▶ **Directions for this task**
Select and reproduce each line of the listing below that bears the string "shows".
+++
lemma continuous_underlying_lower_square:
  assumes "continuous_underlying U e" "0 < e"
  shows "continuous_on ({0..e} \<times> {0..e}) (\<lambda>(x, y). U x y)"
proof -
  let ?T = "\<lambda>(x, y). U (e * x) (e * y) / e"
  have "continuous_on ({0..1} \<times> {0..1}) ?T"
    using assms(1) unfolding continuous_underlying_def underlying_tnorm_def by blast
  moreover have "continuous_on ({0..e} \<times> {0..e}) (\<lambda>z. (fst z / e, snd z / e))"
    by (intro continuous_intros) (use assms(2) in auto)
  moreover have "(\<lambda>z. (fst z / e, snd z / e)) ` ({0..e} \<times> {0..e}) \<subseteq> {0..1} \<times> {0..1}"
    using assms(2) by auto
  ultimately have "continuous_on ({0..e} \<times> {0..e}) (\<lambda>z. ?T (fst z / e, snd z / e))"
    by (rule continuous_on_compose2)
  then have "continuous_on ({0..e} \<times> {0..e}) (\<lambda>z. e * ?T (fst z / e, snd z / e))"
    by (rule continuous_on_mult_left)
  then show ?thesis by (rule continuous_on_eq) (use assms(2) in auto)
qed

lemma continuous_underlying_upper_square:
  assumes "continuous_underlying U e" "e < 1"
  shows "continuous_on ({e..1} \<times> {e..1}) (\<lambda>(x, y). U x y)"
proof -
  let ?S = "\<lambda>(x, y). (U (e + (1 - e) * x) (e + (1 - e) * y) - e) / (1 - e)"
  have "continuous_on ({0..1} \<times> {0..1}) ?S"
    using assms(1) unfolding continuous_underlying_def underlying_tconorm_def by blast
  moreover have "continuous_on ({e..1} \<times> {e..1}) (\<lambda>z. ((fst z - e) / (1 - e), (snd z - e) / (1 - e)))"
    by (intro continuous_intros) (use assms(2) in auto)
  moreover have "(\<lambda>z. ((fst z - e) / (1 - e), (snd z - e) / (1 - e))) ` ({e..1} \<times> {e..1}) \<subseteq> {0..1} \<times> {0..1}"
    using assms(2) by auto
  ultimately have "continuous_on ({e..1} \<times> {e..1}) (\<lambda>z. ?S ((fst z - e) / (1 - e), (snd z - e) / (1 - e)))"
    by (rule continuous_on_compose2)
  then have "continuous_on ({e..1} \<times> {e..1})
      (\<lambda>z. e + (1 - e) * ?S ((fst z - e) / (1 - e), (snd z - e) / (1 - e)))"
    by (intro continuous_intros)
  then show ?thesis by (rule continuous_on_eq) (use assms(2) in auto)
qed

lemma tendsto_binop_continuous_on:
  assumes "continuous_on (K \<times> K) (\<lambda>(x, y). U x y)" "s \<longlonglongrightarrow> l" "t \<longlonglongrightarrow> m"
    and "\<And>n. s n \<in> K" "\<And>n. t n \<in> K" "l \<in> K" "m \<in> K"
  shows "(\<lambda>n. U (s n) (t n)) \<longlonglongrightarrow> U l m"
  using continuous_on_tendsto_compose[OF assms(1) tendsto_Pair[OF assms(2,3)]] assms(4-7) by auto

lemma continuous_on_binop_compose:
  assumes "continuous_on (K \<times> K) (\<lambda>(x, y). U x y)"
    and "continuous_on S g" "continuous_on S h" "g ` S \<subseteq> K" "h ` S \<subseteq> K"
  shows "continuous_on S (\<lambda>z. U (g z) (h z))"
  using continuous_on_compose2[OF assms(1) continuous_on_Pair[OF assms(2,3)]] assms(4,5) by auto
+++
▶ **Answer to this problem**
  shows "continuous_on ({0..e} \<times> {0..e}) (\<lambda>(x, y). U x y)"
  shows "continuous_on ({e..1} \<times> {e..1}) (\<lambda>(x, y). U x y)"
  shows "(\<lambda>n. U (s n) (t n)) \<longlonglongrightarrow> U l m"
  shows "continuous_on S (\<lambda>z. U (g z) (h z))"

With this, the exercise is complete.